|
--
Nov. 18, 2005
Copyright © Las Vegas Review-Journal
SHOW REVIEW:
Second City
Caught Up in the Moment: New, all-improv Second City show full of laughs that can't be explained
By MIKE WEATHERFORD REVIEW-JOURNAL

The improv strengths of the current Second City comedy troupe inspired a new format. Clockwise, from left: Martin Garcia, Bridget Kloss, Craig Uhlir, Amanda Blake Davis and Seamus McCarthy.
|
Veterinary proctologists. Mexican softcore porn. Bacchus and Dionysius. Space Dolphin. Abe Lincoln. The Steve Miller Band.
All these things have something in common. They all surfaced within a single performance of The Second City's new all-improvised comedy format. And all of them were funnier in the moment than any attempt to explain them after the fact could be.
The improv show is 70 minutes of "You had to be there." The laughs are as absurdist and transitory as a dream. Memories of the material vanish almost as quickly as the audience can file out of the small Flamingo showroom.
The comic ensemble is trying something new here as it closes in on five years in Las Vegas, blending two forms of improvisation. The first is the "game" format that's been part of previous Second City editions. The slapstick, quick-hit charades and guessing games hit prime-time in "Whose Line Is It Anyway?" and live on in Las Vegas visits by the TV show's cast, including Colin Mochrie and Brad Sherwood next weekend at the Las Vegas Hilton.
The second is so-called "longform" improv that hasn't had much stage time on the Strip. It's usually saved for the aspiring actors of Los Angeles or for "second stages" of bigger cities with established improv troupes. It minimizes the game structure and lets the spontaneous scenes play out more theatrically.
This local move is a bit puzzling, to have in essence a second stage but no first one. Sketch comedy has been Second City's claim to fame since 1959 -- "Saturday Night Live" and "SCTV" both sprang from the Chicago-based institution -- so it seems a shame not to see any here.
(Well, for one day you can. The new show takes today and Saturday off so The Comedy Festival can use the room. But the same troupe does a special show at 5 p.m. Saturday to perform classic Second City sketches for the festival.)
On the other hand, the audience seemed tuned in to the new format, offering some of the complicated suggestions listed above along with simple ones, such as airports ("a place people gather"). Most of all they responded to the winning teamwork of the five players, whose improv strengths motivated the change.
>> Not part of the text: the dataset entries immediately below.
(* Let $F(\vec{\mathbf p},\mathbf q)$ be a disjunctive template, $\Gamma\subseteq\mathit{Fml}_J$ a set of basic formulas (containing no witness variables), $\vec\chi$ a sequence of Henkin formulas, $\forall x\varphi(x)$ a Henkin formula, and $a$ a witness variable that occurs free neither in $\forall x\varphi(x)$ nor in any member of $\vec\chi$. If $\Gamma\cup[\![\neg F(\vec\chi,\forall x\varphi(x))]\!]$ is consistent, then $\Gamma\cup[\![\neg F(\vec\chi,\varphi(a))]\!]$ is consistent.
   Context: Syntax of FOLPb: terms $t::=p_i\mid c\mid t\cdot t\mid t+t\mid !t\mid\mathsf b(t)\mid\mathsf{gen}_x(t)$; formulas $Px_1\dots x_n\mid\bot\mid\varphi\to\varphi\mid\forall x\varphi\mid t{:}_X\varphi$ ($X$ finite set of individual variables, $fv(t{:}_X\psi)=X$); $\mathit{Fml}_J$ is the set of these basic formulas. Axioms: A1 classical first-order; A2 $t{:}_{Xy}\varphi\to t{:}_X\varphi$ ($y$ not free in $\varphi$); A3 $t{:}_X\varphi\to t{:}_{Xy}\varphi$; B1 $t{:}_X\varphi\to\varphi$; B2 $t{:}_X(\varphi\to\psi)\to(s{:}_X\varphi\to[t\cdot s]{:}_X\psi)$; B3 $t{:}_X\varphi\to[t+s]{:}_X\varphi$, $s{:}_X\varphi\to[t+s]{:}_X\varphi$; B4 $t{:}_X\varphi\to!t{:}_Xt{:}_X\varphi$; B5 $t{:}_X\varphi\to\mathsf{gen}_x(t){:}_X\forall x\varphi$ ($x\notin X$); Bb $\forall y\,t{:}_{Xy}\varphi(y)\to\mathsf b(t){:}_X\forall y\varphi(y)$; rules MP and generalization (from hypotheses, not on variables free in the hypotheses). Henkin language: $\mathbf V$ countable set of witness variables that may occur free (including in subscripts) but are never quantified nor $\mathsf{gen}$ subscripts; the original variables are basic variables; Henkin formulas $\mathit{Fml}_J(\mathbf V)$. Standing assumption: $\mathcal{CS}$ is a fixed variant closed and axiomatically appropriate constant specification for the basic language; $\mathcal{CS}(\mathbf V)$ is the set of all $c{:}\psi$ with $c{:}\varphi\in\mathcal{CS}$ and $\psi$ obtained by replacing some free basic variables of $\varphi$ with distinct witness variables; $\vdash$ and "consistent" refer to the axiom system over $\mathit{Fml}_J(\mathbf V)$ with $\mathcal{CS}(\mathbf V)$ ($\Gamma$ consistent iff $\Gamma\not\vdash\bot$). Templates: a template on distinct propositional letters is a propositional modal formula built with $\neg,\vee,\wedge,\Box$, each letter occurring at most once; disjunctive if its only Boolean connective is $\vee$. Instantiation sets for Henkin formulas $\vec\varphi$: $[\![\mathbf p_i]\!]=\{\varphi_i\}$; $[\![\neg G]\!]=\{\neg\psi:\psi\in[\![G]\!]\}$; $[\![G\vee H]\!]=\{\psi\vee\theta:\psi\in[\![G]\!],\theta\in[\![H]\!]\}$; $[\![G\wedge H]\!]$ likewise with $\wedge$; $[\![\Box G]\!]=\{t{:}_X\psi:\psi\in[\![G]\!], t$ any term, $X$ the set of witness variables in $\psi\}$ (all evaluated at $\vec\varphi$). *)

theory Defs
  imports Main "HOL-Library.FSet"
begin

text \<open>Individual variables: basic variables BV n and witness variables WV n.\<close>
datatype var = BV nat | WV nat

fun is_wit :: "var \<Rightarrow> bool" where
  "is_wit (BV n) = False"
| "is_wit (WV n) = True"

text \<open>Justification terms: p_i, c, t.s, t+s, !t, b(t), gen_x(t).\<close>
datatype jt = JV nat | JC nat | JApp jt jt | JSum jt jt | JBang jt | JB jt | JGen var jt

text \<open>Formulas: P x1..xn, bottom, implication, universal quantifier, t:_X phi (X finite).\<close>
datatype fm = Pred nat "var list" | Bot | Imp fm fm | All var fm | Just jt "var fset" fm

definition Neg :: "fm \<Rightarrow> fm" where "Neg p = Imp p Bot"
definition Or :: "fm \<Rightarrow> fm \<Rightarrow> fm" where "Or p q = Imp (Neg p) q"
definition And :: "fm \<Rightarrow> fm \<Rightarrow> fm" where "And p q = Neg (Imp p (Neg q))"

fun fv :: "fm \<Rightarrow> var set" where
  "fv (Pred P xs) = set xs"
| "fv Bot = {}"
| "fv (Imp p q) = fv p \<union> fv q"
| "fv (All x p) = fv p - {x}"
| "fv (Just t X p) = fset X"

fun witst :: "jt \<Rightarrow> var fset" where
  "witst (JV n) = {||}"
| "witst (JC n) = {||}"
| "witst (JApp t s) = witst t |\<union>| witst s"
| "witst (JSum t s) = witst t |\<union>| witst s"
| "witst (JBang t) = witst t"
| "witst (JB t) = witst t"
| "witst (JGen v t) = ffilter is_wit {|v|} |\<union>| witst t"

fun wits :: "fm \<Rightarrow> var fset" where
  "wits (Pred P xs) = ffilter is_wit (fset_of_list xs)"
| "wits Bot = {||}"
| "wits (Imp p q) = wits p |\<union>| wits q"
| "wits (All x p) = ffilter is_wit {|x|} |\<union>| wits p"
| "wits (Just t X p) = witst t |\<union>| ffilter is_wit X |\<union>| wits p"

fun henkin_tm :: "jt \<Rightarrow> bool" where
  "henkin_tm (JV n) = True"
| "henkin_tm (JC n) = True"
| "henkin_tm (JApp t s) = (henkin_tm t \<and> henkin_tm s)"
| "henkin_tm (JSum t s) = (henkin_tm t \<and> henkin_tm s)"
| "henkin_tm (JBang t) = henkin_tm t"
| "henkin_tm (JB t) = henkin_tm t"
| "henkin_tm (JGen v t) = (\<not> is_wit v \<and> henkin_tm t)"

text \<open>Henkin formulas: witness variables are never quantified nor gen-subscripts, and they
  always occur free (so every witness variable occurring inside t:_X psi belongs to X).\<close>
fun henkin :: "fm \<Rightarrow> bool" where
  "henkin (Pred P xs) = True"
| "henkin Bot = True"
| "henkin (Imp p q) = (henkin p \<and> henkin q)"
| "henkin (All x p) = (\<not> is_wit x \<and> henkin p)"
| "henkin (Just t X p) = (henkin_tm t \<and> henkin p \<and> wits p |\<subseteq>| X)"

text \<open>Basic formulas (Fml_J): no witness variables at all.\<close>
definition basic :: "fm \<Rightarrow> bool" where "basic p \<longleftrightarrow> wits p = {||}"

fun substs :: "(var \<Rightarrow> var) \<Rightarrow> fm \<Rightarrow> fm" where
  "substs r (Pred P xs) = Pred P (map r xs)"
| "substs r Bot = Bot"
| "substs r (Imp p q) = Imp (substs r p) (substs r q)"
| "substs r (All z p) = All z (substs (r(z := z)) p)"
| "substs r (Just t X p) = Just t (fimage r X) (substs (\<lambda>v. if v |\<in>| X then r v else v) p)"

definition subst :: "var \<Rightarrow> var \<Rightarrow> fm \<Rightarrow> fm" where
  "subst x y p = substs (id(x := y)) p"

text \<open>y is free for x in p (no capture by quantifiers or by the local variables of
  a justification formula t:_X psi, i.e. those free in psi but not in X).\<close>
fun freefor :: "var \<Rightarrow> var \<Rightarrow> fm \<Rightarrow> bool" where
  "freefor x y (Pred P xs) = True"
| "freefor x y Bot = True"
| "freefor x y (Imp p q) = (freefor x y p \<and> freefor x y q)"
| "freefor x y (All z p) = (x \<notin> fv (All z p) \<or> (z \<noteq> y \<and> freefor x y p))"
| "freefor x y (Just t X p) = (x |\<notin>| X \<or> ((y \<in> fv p \<longrightarrow> y |\<in>| X) \<and> freefor x y p))"

fun rename_tm :: "(var \<Rightarrow> var) \<Rightarrow> jt \<Rightarrow> jt" where
  "rename_tm r (JV n) = JV n"
| "rename_tm r (JC n) = JC n"
| "rename_tm r (JApp t s) = JApp (rename_tm r t) (rename_tm r s)"
| "rename_tm r (JSum t s) = JSum (rename_tm r t) (rename_tm r s)"
| "rename_tm r (JBang t) = JBang (rename_tm r t)"
| "rename_tm r (JB t) = JB (rename_tm r t)"
| "rename_tm r (JGen v t) = JGen (r v) (rename_tm r t)"

fun rename :: "(var \<Rightarrow> var) \<Rightarrow> fm \<Rightarrow> fm" where
  "rename r (Pred P xs) = Pred P (map r xs)"
| "rename r Bot = Bot"
| "rename r (Imp p q) = Imp (rename r p) (rename r q)"
| "rename r (All z p) = All (r z) (rename r p)"
| "rename r (Just t X p) = Just (rename_tm r t) (fimage r X) (rename r p)"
Nothing can throw this bunch. Playing a sexually transmitted disease? No problem for Martin Garcia. "Yeah, I got two kids. One's called Strepto. The other is called Coccus. My wife's name is Chlamydia."
Given the chance to venture into bad-taste territory with the suggestion "Special Olympics referee," Bridget Kloss instead shrugs to Amanda Blake Davis and says, "What are we doing here? Everyone's a winner." Fade to black.
The airport suggestion lined up all five cast members to step out one at a time and create characters. Davis was an immigrant who lives in the terminal after seeing the Tom Hanks movie "The Terminal." Craig Uhlir was a baggage handler: "One day, when we were bored, one of my friends bet me I couldn't put on everything that was in the suitcase."
Even more impressively, the characters come back later, along with characters from other bits. The players conspire backstage, jotting their ideas for tie-backs on a chalkboard.
Experienced improv director Liz Allen also keeps the show under control with structuring that's not immediately obvious.
The show may be different each night, but it will always parody a daytime talk show, with Kloss pulling two audience members onstage. (On this evening, the crowd members were either aspiring improv actors themselves, or thought they really were in a daytime shoutfest.) There is always a moment where a washed-up rock singer (Garcia) will make up a song with a title supplied by the audience. This time it was "I Love My Bald Head."
The format puts the audience at the risk of a lesser chemistry on nights when one of these top-notch players -- including Seamus McCarthy, the only member of every Las Vegas edition -- has a day off.
Beyond that, the only real sacrifice is the careful pacing of previous outings, replaced by a rapid-fire barrage that yields a lot of singles and doubles, but not as many home runs as the written stuff.
That's OK. It's the effort of the players that you will remember.